### [RECORDS FOR THIS TASK]
definition digit :: "'a \<Rightarrow> 'a" where
  "digit x = (SOME z. z \<in> residue_class x)"

definition digits :: "'a set" where
  "digits = range digit"

lemma pi_dvd_minus_digit: "\<pi> dvd x - digit x"
  using someI[of "\<lambda>z. z \<in> residue_class x" x]
  by (simp add: digit_def mem_residue_class_iff) (metis dvd_minus_iff minus_diff_eq)

lemma digit_eq_iff: "digit x = digit y \<longleftrightarrow> \<pi> dvd x - y"
proof
  assume "digit x = digit y"
  then have "x - y = (x - digit x) - (y - digit y)" by simp
  then show "\<pi> dvd x - y" using pi_dvd_minus_digit by (metis dvd_diff)
qed (simp add: digit_def residue_class_eq_iff[symmetric])

lemma digits_complete: "\<exists>r\<in>digits. \<pi> dvd x - r"
  using pi_dvd_minus_digit by (auto simp: digits_def)

lemma digits_unique:
  assumes "r \<in> digits" "r' \<in> digits" "\<pi> dvd r - r'"
  shows "r = r'"
proof -
  obtain x y where r: "r = digit x" "r' = digit y" using assms(1,2) by (auto simp: digits_def)
  have "x - y = (x - r) - (y - r') + (r - r')" by simp
  then have "\<pi> dvd x - y" using assms(3) pi_dvd_minus_digit r by (metis dvd_add dvd_diff)
  then show ?thesis using r digit_eq_iff by simp
qed

lemma card_digits: "finite digits \<and> card digits = q"
proof -
  have "digits = (\<lambda>C. SOME z. z \<in> C) ` range residue_class"
    by (simp add: digits_def digit_def image_image)
  moreover have "inj_on (\<lambda>C. SOME z. z \<in> C) (range residue_class)"
    by (rule inj_onI, clarify) (simp add: digit_def[symmetric] digit_eq_iff residue_class_eq_iff)
  ultimately show ?thesis using card_residue_classes by (simp add: card_image)
qed

lemma two_le_q: "2 \<le> q"
proof -
  have "residue_class 0 \<noteq> residue_class 1"
    using pi_not_unit by (simp add: residue_class_eq_iff)
  then have "2 = card {residue_class 0, residue_class 1}" by simp
  also have "\<dots> \<le> card (range residue_class)"
    using card_residue_classes by (intro card_mono) auto
  finally have "2 \<le> card (range residue_class)" .
  then show ?thesis using card_residue_classes by simp
qed

fun residue_reps :: "nat \<Rightarrow> 'a set" where
  "residue_reps 0 = {0}"
| "residue_reps (Suc n) = (\<lambda>(r, s). r + \<pi> * s) ` (digits \<times> residue_reps n)"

### [WHAT THE TASK REQUIRES]
The lines to retype, exactly and only, run from the first line of the material through the line with "0 \<noteq> residue_class".

### [YOUR RESPONSE]
definition digit :: "'a \<Rightarrow> 'a" where
  "digit x = (SOME z. z \<in> residue_class x)"

definition digits :: "'a set" where
  "digits = range digit"

lemma pi_dvd_minus_digit: "\<pi> dvd x - digit x"
  using someI[of "\<lambda>z. z \<in> residue_class x" x]
  by (simp add: digit_def mem_residue_class_iff) (metis dvd_minus_iff minus_diff_eq)

lemma digit_eq_iff: "digit x = digit y \<longleftrightarrow> \<pi> dvd x - y"
proof
  assume "digit x = digit y"
  then have "x - y = (x - digit x) - (y - digit y)" by simp
  then show "\<pi> dvd x - y" using pi_dvd_minus_digit by (metis dvd_diff)
qed (simp add: digit_def residue_class_eq_iff[symmetric])

lemma digits_complete: "\<exists>r\<in>digits. \<pi> dvd x - r"
  using pi_dvd_minus_digit by (auto simp: digits_def)

lemma digits_unique:
  assumes "r \<in> digits" "r' \<in> digits" "\<pi> dvd r - r'"
  shows "r = r'"
proof -
  obtain x y where r: "r = digit x" "r' = digit y" using assms(1,2) by (auto simp: digits_def)
  have "x - y = (x - r) - (y - r') + (r - r')" by simp
  then have "\<pi> dvd x - y" using assms(3) pi_dvd_minus_digit r by (metis dvd_add dvd_diff)
  then show ?thesis using r digit_eq_iff by simp
qed

lemma card_digits: "finite digits \<and> card digits = q"
proof -
  have "digits = (\<lambda>C. SOME z. z \<in> C) ` range residue_class"
    by (simp add: digits_def digit_def image_image)
  moreover have "inj_on (\<lambda>C. SOME z. z \<in> C) (range residue_class)"
    by (rule inj_onI, clarify) (simp add: digit_def[symmetric] digit_eq_iff residue_class_eq_iff)
  ultimately show ?thesis using card_residue_classes by (simp add: card_image)
qed

lemma two_le_q: "2 \<le> q"
proof -
  have "residue_class 0 \<noteq> residue_class 1"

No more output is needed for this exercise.